EXERCISE OBJECTIVE
Please write out every record below exactly as it stands.

DATA PROVIDED
(* Let $\mathfrak{g}=\mathfrak{so}_{2r+1}$, $r\geqslant 3$, with root system $\{\pm\varepsilon_i\pm\varepsilon_j,\pm\varepsilon_i\}$, positive roots $\{\varepsilon_i\pm\varepsilon_j\ (i<j),\ \varepsilon_k\}$, simple roots $\alpha_1,\dots,\alpha_r$ (Bourbaki numbering), and fix a Chevalley basis with root vectors $e_\alpha$. Let $\theta$ be the highest root, $\theta_2$ the highest root of the subsystem generated by $\alpha_3,\dots,\alpha_r$, $\beta_1=\alpha_2$, $\delta_1=\alpha_1+\alpha_2+\alpha_3$, $\beta_2=\alpha_2+\alpha_3$, $\delta_2=\alpha_1+\alpha_2$, and $$w_2=e_\theta e_{\theta_2}-\sum_{j=1}^2 e_{\beta_j+\theta_2}e_{\delta_j+\theta_2}\in S^2(\mathfrak{g}).$$ Let $W_2\subset S^2(\mathfrak{g})$ be the $\mathfrak{g}$-submodule (under the adjoint action) generated by $w_2$, and let $V(W_2)\subset\mathfrak{g}^*\cong\mathfrak{g}$ be the zero locus of the ideal of $S(\mathfrak{g})$ generated by $W_2$. Let $\mathcal{N}$ be the nilpotent cone of $\mathfrak{g}$. Then $V(W_2)\cap\mathcal{N}\subset\overline{\mathbb{O}_{(3,1^{2r-2})}}$.
   Context: $w_2$ is a highest weight vector for the adjoint action, generating an irreducible module $W_2$ of highest weight $\theta+\theta_2$. $\mathbb{O}_{(3,1^{2r-2})}$ denotes the nilpotent orbit of $\mathfrak{so}_{2r+1}$ with Jordan type $(3,1^{2r-2})$ in the natural representation; $\mathfrak{g}^*$ is identified with $\mathfrak{g}$ via the normalized invariant form. *)

theory Defs
  imports Complex_Main "HOL-Library.Function_Algebras" "Jordan_Normal_Form.Jordan_Normal_Form"
begin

ANSWER BELOW
(* Let $\mathfrak{g}=\mathfrak{so}_{2r+1}$, $r\geqslant 3$, with root system $\{\pm\varepsilon_i\pm\varepsilon_j,\pm\varepsilon_i\}$, positive roots $\{\varepsilon_i\pm\varepsilon_j\ (i<j),\ \varepsilon_k\}$, simple roots $\alpha_1,\dots,\alpha_r$ (Bourbaki numbering), and fix a Chevalley basis with root vectors $e_\alpha$. Let $\theta$ be the highest root, $\theta_2$ the highest root of the subsystem generated by $\alpha_3,\dots,\alpha_r$, $\beta_1=\alpha_2$, $\delta_1=\alpha_1+\alpha_2+\alpha_3$, $\beta_2=\alpha_2+\alpha_3$, $\delta_2=\alpha_1+\alpha_2$, and $$w_2=e_\theta e_{\theta_2}-\sum_{j=1}^2 e_{\beta_j+\theta_2}e_{\delta_j+\theta_2}\in S^2(\mathfrak{g}).$$ Let $W_2\subset S^2(\mathfrak{g})$ be the $\mathfrak{g}$-submodule (under the adjoint action) generated by $w_2$, and let $V(W_2)\subset\mathfrak{g}^*\cong\mathfrak{g}$ be the zero locus of the ideal of $S(\mathfrak{g})$ generated by $W_2$. Let $\mathcal{N}$ be the nilpotent cone of $\mathfrak{g}$. Then $V(W_2)\cap\mathcal{N}\subset\overline{\mathbb{O}_{(3,1^{2r-2})}}$.
   Context: $w_2$ is a highest weight vector for the adjoint action, generating an irreducible module $W_2$ of highest weight $\theta+\theta_2$. $\mathbb{O}_{(3,1^{2r-2})}$ denotes the nilpotent orbit of $\mathfrak{so}_{2r+1}$ with Jordan type $(3,1^{2r-2})$ in the natural representation; $\mathfrak{g}^*$ is identified with $\mathfrak{g}$ via the normalized invariant form. *)

theory Defs
  imports Complex_Main "HOL-Library.Function_Algebras" "Jordan_Normal_Form.Jordan_Normal_Form"
begin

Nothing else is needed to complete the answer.